(Stored dataset items)
text \<open>One insertion of object s, as a (nondeterministic) relation between the state before
  and after: choice of an unused colour set C(i,t), of the unimax colouring, and of the
  objects recoloured in step (4) among those with maximal final colour.\<close>
definition ins :: "('q \<Rightarrow> 'x \<Rightarrow> bool) \<Rightarrow> (nat \<Rightarrow> nat) \<Rightarrow> 'x \<Rightarrow> 'x state \<Rightarrow> 'x state \<Rightarrow> bool" where
  "ins R \<gamma> s st st'' \<longleftrightarrow>
    (let i = first_empty st;
         L = max (lev st) i;
         Si = insert s (\<Union>j<i. sets st j);
         sets' = (\<lambda>k. if k < i then {} else if k = i then Si else sets st k);
         status' = (\<lambda>k. if k < i then Empty else if k = i then Migr else status st k)
     in \<exists>t f pick.
          t \<le> L - i \<and> \<not> used st i t \<and>
          unimax R Si f \<and> f ` Si \<subseteq> {0..<\<gamma> (2 ^ i)} \<and>
          (let fin' = (\<lambda>x. if x \<in> Si then (i, t, f x) else fin st x);
               cur' = (cur st)(s := (i, t, f s));
               cur'' = (\<lambda>x. if (\<exists>k. pick k = Some x) then fin' x else cur' x)
           in (\<forall>k. (if status' k = Migr \<and> (\<exists>x\<in>sets' k. cur' x \<noteq> fin' x)
                    then (\<exists>x. pick k = Some x \<and> x \<in> sets' k \<and> cur' x \<noteq> fin' x \<and>
                             (\<forall>y\<in>sets' k. cur' y \<noteq> fin' y \<longrightarrow>
                                 snd (snd (fin' y)) \<le> snd (snd (fin' x))))
                    else pick k = None)) \<and>
              st'' = \<lparr>lev = L, sets = sets',
                      status = (\<lambda>k. if status' k = Migr \<and> (\<forall>x\<in>sets' k. cur'' x = fin' x)
                                    then Full else status' k),
                      cur = cur'', fin = fin'\<rparr>))"

inductive reach :: "('q \<Rightarrow> 'x \<Rightarrow> bool) \<Rightarrow> (nat \<Rightarrow> nat) \<Rightarrow> nat \<Rightarrow> 'x state \<Rightarrow> bool"
  for R \<gamma> l0 where
  reach_init: "reach R \<gamma> l0 (init_state l0)"
| reach_step: "reach R \<gamma> l0 st \<Longrightarrow> s \<notin> objs st \<Longrightarrow> ins R \<gamma> s st st' \<Longrightarrow> reach R \<gamma> l0 st'"

end

theory Submission
  imports Defs
begin

text \<open>Every reachable state satisfies an invariant: S_k has 2^k elements; the colours
  of S_k come from one colour set per level j \<le> k, its final colours from level k; and a
  migrating S_k has at least one and at most 2^k - 1 - |S_0 \<union> ... \<union> S_(k-1)| pending
  objects, because each insertion puts one object below S_k but also finalises one of
  its pending objects.
  Hence, when S_i is the first empty set, S_0, ..., S_(i-1) are full and carry colours of
  their own levels only, so the colour sets of level i can only be occupied by
  S_(i+1), ..., S_\<ell>, at most one each: at most \<ell> - i of the \<ell> - i + 1 sets C(i,t).\<close>

definition lower :: "'x state \<Rightarrow> nat \<Rightarrow> 'x set" where
  "lower st k = (\<Union>j<k. sets st j)"

definition pending :: "'x state \<Rightarrow> nat \<Rightarrow> 'x set" where
  "pending st k = {x \<in> sets st k. cur st x \<noteq> fin st x}"

text \<open>\<tau> j is the index t of the colour set C(j,t) that S_k draws its level-j colours from.\<close>
definition colours_from :: "'x state \<Rightarrow> nat \<Rightarrow> (nat \<Rightarrow> nat) \<Rightarrow> bool" where
  "colours_from st k \<tau> \<longleftrightarrow> (\<forall>x\<in>sets st k.
     (\<exists>c. fin st x = (k, \<tau> k, c)) \<and> (\<exists>j\<le>k. \<exists>c. cur st x = (j, \<tau> j, c)) \<and>
     (status st k = Full \<longrightarrow> cur st x = fin st x))"

definition invar :: "'x state \<Rightarrow> bool" where
  "invar st \<longleftrightarrow> (\<forall>k>lev st. status st k = Empty) \<and>
     (\<forall>k. status st k = Empty \<longleftrightarrow> sets st k = {}) \<and>
     (\<forall>k. finite (sets st k)) \<and>
     (\<forall>k. sets st k \<noteq> {} \<longrightarrow> card (sets st k) = 2 ^ k) \<and>
     (\<forall>j k. j \<noteq> k \<longrightarrow> sets st j \<inter> sets st k = {}) \<and>
     (\<forall>k. status st k \<noteq> Empty \<longrightarrow> (\<exists>\<tau>. colours_from st k \<tau>)) \<and>
     (\<forall>k. status st k = Migr \<longrightarrow>
        pending st k \<noteq> {} \<and> card (pending st k) + card (lower st k) \<le> 2 ^ k - 1)"

lemma invarD:
  assumes "invar st"
  shows invar_Empty_above: "\<And>k. lev st < k \<Longrightarrow> status st k = Empty"
    and invar_Empty_iff: "\<And>k. status st k = Empty \<longleftrightarrow> sets st k = {}"
    and invar_finite: "\<And>k. finite (sets st k)"
    and invar_card: "\<And>k. sets st k \<noteq> {} \<Longrightarrow> card (sets st k) = 2 ^ k"
    and invar_disjoint: "\<And>j k. j \<noteq> k \<Longrightarrow> sets st j \<inter> sets st k = {}"
    and invar_colours_from: "\<And>k. status st k \<noteq> Empty \<Longrightarrow> \<exists>\<tau>. colours_from st k \<tau>"
    and invar_pending_nonempty: "\<And>k. status st k = Migr \<Longrightarrow> pending st k \<noteq> {}"
    and invar_pending_card:
      "\<And>k. status st k = Migr \<Longrightarrow> card (pending st k) + card (lower st k) \<le> 2 ^ k - 1"
  using assms unfolding invar_def by blast+

lemma invar_init: "invar (init_state l0)"
  by (simp add: invar_def init_state_def pending_def lower_def)

lemma card_UN_lessThan_power2:
  fixes A :: "nat \<Rightarrow> 'a set"
  assumes "\<And>j. j < k \<Longrightarrow> finite (A j)" and "\<And>j. j < k \<Longrightarrow> card (A j) = 2 ^ j"
    and "\<And>i j. i < k \<Longrightarrow> j < k \<Longrightarrow> i \<noteq> j \<Longrightarrow> A i \<inter> A j = {}"
  shows "card (\<Union>j<k. A j) = 2 ^ k - 1"
proof -
  have "card (\<Union>j<k. A j) = (\<Sum>j<k. card (A j))"
    using assms(1,3) by (intro card_UN_disjoint) auto
  also have "\<dots> = (\<Sum>j<k. 2 ^ j)"
    using assms(2) by simp
  also have "\<dots> = 2 ^ k - 1"
    using mask_eq_sum_exp[where 'a = nat, of k] by (simp add: lessThan_def)
  finally show ?thesis .
qed

lemma card_lower:
  assumes "invar st" and "\<And>j. j < k \<Longrightarrow> sets st j \<noteq> {}"
  shows "card (lower st k) = 2 ^ k - 1"
  unfolding lower_def using assms
  by (intro card_UN_lessThan_power2) (auto dest: invarD)

lemma in_objs:
  assumes "invar st" and "x \<in> sets st j"
  shows "x \<in> objs st"
proof -
  have "j \<le> lev st"
    using assms invar_Empty_above[OF assms(1), of j] invar_Empty_iff[OF assms(1), of j]
    by (metis empty_iff not_le)
  then show ?thesis
    using assms(2) by (auto simp: objs_def)
qed

lemma
  assumes "invar st"
  shows status_first_empty: "status st (first_empty st) = Empty"
    and status_below_first_empty: "\<And>j. j < first_empty st \<Longrightarrow> status st j \<noteq> Empty"
proof -
  have "status st (Suc (lev st)) = Empty"
    using assms by (simp add: invar_Empty_above)
  then show "status st (first_empty st) = Empty"
    unfolding first_empty_def by (rule LeastI)
  show "\<And>j. j < first_empty st \<Longrightarrow> status st j \<noteq> Empty"
    unfolding first_empty_def by (rule not_less_Least)
qed

lemma Full_below_first_empty:
  assumes I: "invar st" and j: "j < first_empty st"
  shows "status st j = Full"
proof (cases "status st j")
  case Migr
  have "finite (pending st j)"
    using invar_finite[OF I] by (simp add: pending_def)
  then have "card (pending st j) \<ge> 1"
    using invar_pending_nonempty[OF I Migr] by (simp add: Suc_le_eq card_gt_0_iff)
  moreover have "card (lower st j) = 2 ^ j - 1"
    using I j status_below_first_empty[OF I] invar_Empty_iff[OF I]
    by (intro card_lower) auto
  ultimately show ?thesis
    using invar_pending_card[OF I Migr] one_le_power[of 2 j] by simp
qed (use status_below_first_empty[OF I j] in auto)

lemma colours_from_Full:
  assumes "colours_from st k \<tau>" and "status st k = Full" and "x \<in> sets st k"
  shows "\<exists>c. cur st x = (k, \<tau> k, c)"
  using assms unfolding colours_from_def by metis

lemma used_colour_set_above:
  assumes I: "invar st" and "used st (first_empty st) t"
  shows "\<exists>k\<in>{first_empty st<..lev st}. t = (SOME \<tau>. colours_from st k \<tau>) (first_empty st)"
proof -
  define i where "i = first_empty st"
  obtain x c k where x: "cur st x = (i, t, c)" "x \<in> sets st k" "k \<le> lev st"
    using assms(2) unfolding used_def objs_def i_def by blast
  define \<tau> where "\<tau> = (SOME \<tau>. colours_from st k \<tau>)"
  have "status st k \<noteq> Empty"
    using x(2) invar_Empty_iff[OF I] by auto
  then have \<tau>: "colours_from st k \<tau>"
    unfolding \<tau>_def using invar_colours_from[OF I] by (metis someI_ex)
  then obtain j c' where "j \<le> k" and j: "cur st x = (j, \<tau> j, c')"
    using x(2) unfolding colours_from_def by blast
  have "k \<noteq> i"
    using x(2) status_first_empty[OF I] invar_Empty_iff[OF I] unfolding i_def by auto
  moreover have "\<not> k < i"
  proof
    assume "k < i"
    then have "status st k = Full"
      using Full_below_first_empty[OF I] unfolding i_def by blast
    then show False
      using colours_from_Full[OF \<tau> _ x(2)] x(1) \<open>k < i\<close> by auto
  qed
  ultimately show ?thesis
    using x j unfolding i_def \<tau>_def by auto
qed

• _What you need to do_: Return every line above that contains the word "longleftrightarrow".

• _Response to this task_:
  "ins R \<gamma> s st st'' \<longleftrightarrow>
  "colours_from st k \<tau> \<longleftrightarrow> (\<forall>x\<in>sets st k.
  "invar st \<longleftrightarrow> (\<forall>k>lev st. status st k = Empty) \<and>
     (\<forall>k. status st k = Empty \<longleftrightarrow> sets st k = {}) \<and>
    and invar_Empty_iff: "\<And>k. status st k = Empty \<longleftrightarrow> sets st k = {}"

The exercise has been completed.